The minister made the allegation at a two-day public hearing organised by the Senate Committee on Solid Minerals, Mines, Steel Development and Metallurgy.
The forum was aimed at getting inputs of stakeholders to the contents of four bills on how to achieve rapid development of the solid minerals sector.
The bills are Nigerian Minerals Development Corporation Establishment Bill 2021, Solid Minerals Producing Areas Development Commission Establishment Bill 2021, Institute of Bitumen Management Establishment Bill 2021, and the Explosive Act 1964 Repeal and Re-enactment Bill 2021.

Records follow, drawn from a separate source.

lemma threshold_le_sinr_iff:
  fixes a1 a2 \<theta> \<rho> x :: real
  assumes "0 < a1 - \<theta> * a2" "0 \<le> a2" "0 < \<rho>" "0 \<le> x"
  shows "\<theta> \<le> a1 * \<rho> * x / (a2 * \<rho> * x + 1) \<longleftrightarrow> \<theta> / (a1 - \<theta> * a2) / \<rho> \<le> x"
proof -
  have "0 < a2 * \<rho> * x + 1"
    using assms(2-4) by (simp add: add_nonneg_pos)
  then have "\<theta> \<le> a1 * \<rho> * x / (a2 * \<rho> * x + 1) \<longleftrightarrow> \<theta> * (a2 * \<rho> * x + 1) \<le> a1 * \<rho> * x"
    by (simp add: pos_le_divide_eq)
  also have "\<dots> \<longleftrightarrow> \<theta> \<le> (a1 - \<theta> * a2) * \<rho> * x"
    by (simp add: algebra_simps)
  also have "\<dots> \<longleftrightarrow> \<theta> / (a1 - \<theta> * a2) / \<rho> \<le> x"
    using assms(1,3) by (simp add: divide_divide_eq_left pos_divide_le_eq ac_simps)
  finally show ?thesis .
qed

lemma threshold_le_sinr_and_snr_iff:
  fixes a1 a2 \<theta> \<rho> x :: real
  assumes "0 < a1 - \<theta> * a2" "0 < a2" "0 < \<rho>" "0 \<le> x"
  shows "\<theta> \<le> a1 * \<rho> * x / (a2 * \<rho> * x + 1) \<and> \<theta> \<le> a2 * \<rho> * x
    \<longleftrightarrow> max (\<theta> / (a1 - \<theta> * a2)) (\<theta> / a2) / \<rho> \<le> x"
proof -
  have "\<theta> \<le> a2 * \<rho> * x \<longleftrightarrow> \<theta> / a2 / \<rho> \<le> x"
    using assms(2,3) by (simp add: divide_divide_eq_left pos_divide_le_eq ac_simps)
  then show ?thesis
    using threshold_le_sinr_iff[OF assms(1) less_imp_le[OF assms(2)] assms(3,4)] assms(3)
    by (simp add: max_divide_distrib_right)
qed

The panel is also expected to investigate the loss of $9 billion annually due to illegal mining and smuggling of gold.
Ogah said, “It is unfortunate that the Central Bank of Nigeria did not believe in us. If they believe in us, if they support us the way they are supporting agriculture, we will do wonders for this country.
“This is one ministry that is untapped, that is unknown, that can change the landscape of our revenue.”
The minister said there was need to support research for growth of the sector.
According to him, “Equally, we need to ask the Ministry of Finance to speed up the export policy on solid minerals because that is the only way to have operators into the sector”.
Ogah urged citizens to be involved in checking the activities of intruders in the mining sub-sector.